We just had a horrendous experience trying to deploy the example llama.cpp serve... | Hacker News

Hacker Newsnew | past | comments | ask | show | jobs | submit

brucethemoose2 on Jan 6, 2024 | parent | context | favorite | on: Nitro: A fast, lightweight inference server with O...

We just had a horrendous experience trying to deploy the example llama.cpp server for production. In addition to bugs, stability, and general fragility, when it did work, it was slow as molasses on an A100. And we spent a lot of effort sticking with it because of the grammar feature.

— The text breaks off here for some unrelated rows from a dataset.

lemma mat_1_in_id_tens_cone:
  assumes "\<forall>\<alpha>\<in>C. positive_map \<alpha>"
  shows "mat 1 \<in> id_tens_cone C"
  using tens_sum_outer_axis_in_id_tens_cone[OF assms psd_mat_1, of UNIV]
  by (simp add: sum_outer_axis_UNIV tens_mat_1)

lemma tens_shift_mat_1:
  "tens P Z + (l * s) *\<^sub>R mat 1 = tens P (Z + s *\<^sub>R mat 1) + tens (l *\<^sub>R mat 1 - P) (s *\<^sub>R mat 1)"
  by (simp add: tens_add_right tens_diff_left tens_scaleR_left tens_scaleR_right tens_mat_1 algebra_simps)

text \<open>Split +-P \<otimes> Z + l s 1 as P \<otimes> (s 1 +- Z) + (l 1 - P) \<otimes> s 1, with s the entrywise norm of Z.\<close>
lemma tens_order_bounded:
  assumes C: "\<forall>\<alpha>\<in>C. positive_map \<alpha>"
    and P: "\<And>R. psd R \<Longrightarrow> tens P R \<in> id_tens_cone C"
    and P': "\<And>R. psd R \<Longrightarrow> tens (l *\<^sub>R mat 1 - P) R \<in> id_tens_cone C"
    and Z: "mat_adj Z = Z"
  shows "order_bounded (id_tens_cone C) (mat 1) (tens P Z)"
proof -
  define s where "s = (\<Sum>r\<in>UNIV. \<Sum>s\<in>UNIV. cmod (Z $ r $ s))"
  have "psd (Z + s *\<^sub>R mat 1)" "psd (- Z + s *\<^sub>R mat 1)"
    using psd_self_adjoint_shift[OF Z] psd_self_adjoint_shift[of "- Z"] Z
    by (simp_all add: s_def linear_neg[OF linear_mat_adj])
  moreover have "psd (s *\<^sub>R mat 1)"
    using convex_cone_scaleR[OF convex_cone_psd, of s "mat 1"] psd_mat_1 by (simp add: s_def sum_nonneg)
  ultimately have "tens P (Z + s *\<^sub>R mat 1) + tens (l *\<^sub>R mat 1 - P) (s *\<^sub>R mat 1) \<in> id_tens_cone C"
      "tens P (- Z + s *\<^sub>R mat 1) + tens (l *\<^sub>R mat 1 - P) (s *\<^sub>R mat 1) \<in> id_tens_cone C"
    using convex_cone_id_tens_cone[OF C] by (auto intro!: convex_cone_add P P')
  then show ?thesis
    unfolding order_bounded_def tens_shift_mat_1[symmetric] bilinear_rneg[OF bilinear_tens] by blast
qed

lemma outer_axis_order_bounded:
  assumes C: "\<forall>\<alpha>\<in>C. positive_map \<alpha>" and Z: "mat_adj Z = Z"
  shows "order_bounded (id_tens_cone C) (mat 1) (tens (outer (axis i 1) (axis i 1)) Z)"
proof (rule tens_order_bounded[OF C _ _ Z])
  have "1 *\<^sub>R mat 1 - outer (axis i 1) (axis i 1) = (\<Sum>r\<in>- {i}. outer (axis r 1) (axis r 1))"
    by (simp only: sum_outer_axis) (auto simp: vec_eq_iff mat_def outer_def axis_def)
  then show "tens (1 *\<^sub>R mat 1 - outer (axis i 1) (axis i 1)) R \<in> id_tens_cone C" if "psd R" for R
    using tens_sum_outer_axis_in_id_tens_cone[OF C that] by simp
qed (rule tens_outer_in_id_tens_cone[OF C])

lemma outer_axis_pair_order_bounded:
  assumes C: "\<forall>\<alpha>\<in>C. positive_map \<alpha>" and Z: "mat_adj Z = Z"
    and "i \<noteq> j" "cnj c * c = 1"
  defines "p \<equiv> axis i 1 + axis j c"
  shows "order_bounded (id_tens_cone C) (mat 1) (tens (outer p p) Z)"
proof (rule tens_order_bounded[OF C _ _ Z])
  have "2 *\<^sub>R mat 1 - outer p p = outer (axis i 1 + axis j (- c)) (axis i 1 + axis j (- c))
      + 2 *\<^sub>R (\<Sum>r\<in>- {i, j}. outer (axis r 1) (axis r 1))"
    using assms(3,4) unfolding p_def
    by (simp only: sum_outer_axis)
      (auto simp: vec_eq_iff mat_def outer_def axis_def scaleR_conv_of_real[where 'a=complex] mult.commute)
  moreover have "tens (outer q q) R + 2 *\<^sub>R tens (\<Sum>r\<in>- {i, j}. outer (axis r 1) (axis r 1)) R
      \<in> id_tens_cone C" if "psd R" for q R
    using convex_cone_id_tens_cone[OF C] tens_sum_outer_axis_in_id_tens_cone[OF C that]
      tens_outer_in_id_tens_cone[OF C that]
    by (intro convex_cone_add convex_cone_scaleR) auto
  ultimately show "tens (2 *\<^sub>R mat 1 - outer p p) R \<in> id_tens_cone C" if "psd R" for R
    using that by (simp add: tens_add_left tens_scaleR_left)
qed (rule tens_outer_in_id_tens_cone[OF C])
lemma dm_product_simple_collapse:
  assumes simple: "dm_simple (A i)" and \<theta>: "dm_congruence (dm_product n A) \<theta>"
    and XY: "(X, Y) \<in> \<theta>" and i: "i < n" "X i \<noteq> Y i"
  shows "(dm_unit n A i (one (A i)), zero (dm_product n A)) \<in> \<theta>"
proof -
  let ?P = "dm_product n A"
  let ?\<rho> = "{(s, t). s \<in> carrier (A i) \<and> t \<in> carrier (A i) \<and> (dm_unit n A i s, dm_unit n A i t) \<in> \<theta>}"
  have XY_carrier: "X \<in> carrier ?P" "Y \<in> carrier ?P"
    using XY dm_congruence_subset[OF \<theta>] by auto
  have unit_one: "dm_unit n A i (one (A i)) \<in> carrier ?P"
    using i(1) factor_zero_one(2)[OF i(1)] by (rule dm_unit_closed)
  have "(meet ?P X (dm_unit n A i (one (A i))), meet ?P Y (dm_unit n A i (one (A i)))) \<in> \<theta>"
    using dm_congruence_meet[OF \<theta> XY dm_congruence_refl[OF \<theta> unit_one]] .
  then have "(dm_unit n A i (X i), dm_unit n A i (Y i)) \<in> \<theta>"
    using i(1) XY_carrier by (simp add: meet_dm_unit_one)
  moreover have "X i \<in> carrier (A i)" "Y i \<in> carrier (A i)"
    using XY_carrier i(1) by (simp_all add: dm_product_def PiE_iff)
  ultimately have "(X i, Y i) \<in> ?\<rho>"
    by simp
  moreover have "?\<rho> \<subseteq> Id \<or> (zero (A i), one (A i)) \<in> ?\<rho>"
    using simple dm_congruence_coordinate[OF \<theta> i(1)] unfolding dm_simple_def by blast
  ultimately have "(dm_unit n A i (zero (A i)), dm_unit n A i (one (A i))) \<in> \<theta>"
    using i(2) by blast
  then show ?thesis
    using dm_congruence_sym[OF \<theta>] by (simp add: dm_unit_zero)
qed

lemma dm_indicator_congruent_zero:
  assumes \<theta>: "dm_congruence (dm_product n A) \<theta>" and T: "T \<subseteq> {..<n}"
    and collapse: "\<And>i. i \<in> T \<Longrightarrow> (dm_unit n A i (one (A i)), zero (dm_product n A)) \<in> \<theta>"
  shows "(dm_indicator n A T, zero (dm_product n A)) \<in> \<theta>"
proof -
  have "finite T"
    using T by (rule finite_subset) simp
  then show ?thesis
    using T collapse
  proof (induction T)
    case empty
    then show ?case
      using dm_congruence_refl[OF \<theta> zero_dm_product_closed] by (simp add: dm_indicator_empty)
  next
    case (insert i T)
    then show ?case
      using dm_congruence_join[OF \<theta> insert.prems(2)[of i] insert.IH]
      by (simp add: dm_indicator_insert join_zero_dm_product)
  qed
qed
lemma restr_resample:
  assumes "J \<subseteq> {0..<n}"
  shows "restr (resample n J c r) J = restr c J"
  using assms finite_subset[OF assms] unfolding restr_def resample_def by (intro map_cong) auto

lemma prob_resample_close:
  assumes "eps < 1/8" "J \<subseteq> {0..<n}"
  shows "measure_pmf.prob (map_pmf (resample n J c\<^sub>0) (pmf_of_set (cube n))) {x. hdist x c \<le> eps}
    \<le> 3 powr (real n / 8) * (2/3) ^ (n - card J)"
proof -
  define K where "K = {0..<n} - J"
  have card_J: "card J \<le> n" using card_mono[OF _ assms(2)] by simp
  have card_K: "card K = n - card J" unfolding K_def using assms(2) by (simp add: card_Diff_subset finite_subset)
  have cube_ne: "cube n \<noteq> {}" by (auto simp: cube_def intro: exI[of _ "replicate n False"])
  let ?close = "cube n \<inter> resample n J c\<^sub>0 -` {x. hdist x c \<le> eps}"
  have "?close \<subseteq> {r \<in> cube n. real (card {i \<in> K. r ! i \<noteq> c ! i}) \<le> real n / 8}"
  proof (safe)
    fix r assume r: "r \<in> cube n" and close: "hdist (resample n J c\<^sub>0 r) c \<le> eps"
    let ?x = "resample n J c\<^sub>0 r"
    have "{i \<in> K. r ! i \<noteq> c ! i} \<subseteq> {i. i < length ?x \<and> ?x ! i \<noteq> c ! i}"
      unfolding K_def resample_def by auto
    then have mono: "card {i \<in> K. r ! i \<noteq> c ! i} \<le> card {i. i < length ?x \<and> ?x ! i \<noteq> c ! i}"
      by (intro card_mono) auto
    show "real (card {i \<in> K. r ! i \<noteq> c ! i}) \<le> real n / 8"
    proof (cases "n = 0")
      case False
      then have "real (card {i. i < length ?x \<and> ?x ! i \<noteq> c ! i}) \<le> eps * real n"
        using close by (simp add: hdist_def resample_def divide_le_eq)
      also have "\<dots> \<le> real n / 8" using assms(1) mult_right_mono[of eps "1/8" "real n"] by simp
      finally show ?thesis using mono by linarith
    qed (simp add: K_def)
  qed
  then have "real (card ?close) \<le> real (card {r \<in> cube n. real (card {i \<in> K. r ! i \<noteq> c ! i}) \<le> real n / 8})"
    using finite_cube by (intro of_nat_mono card_mono) auto
  also have "\<dots> \<le> 3 powr (real n / 8) * (4/3) ^ (n - card J) * 2 ^ card J"
    using card_cube_few_mismatches[of 3 K n c "real n / 8"] card_J card_K
    by (simp add: K_def)
  also have "\<dots> = 3 powr (real n / 8) * (2/3) ^ (n - card J) * 2 ^ (n - card J + card J)"
    by (simp add: power_add power_mult_distrib[symmetric])
  also have "n - card J + card J = n" using card_J by simp
  finally show ?thesis
    using cube_ne finite_cube by (simp add: measure_pmf_of_set card_cube divide_le_eq)
qed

...So I would not recommend a batched llama.cpp server to anyone, TBH, when there are a grab back of splended OpenAI endpoints like TabbyAPI, Aphrodite, LiteLLM, VLLM...

gessha on Jan 6, 2024 | [–]

Wasn’t it written for CPU only? A100 would better take an optimized PyTorch or Tensorflow implementation. Just trying to understand the logic here.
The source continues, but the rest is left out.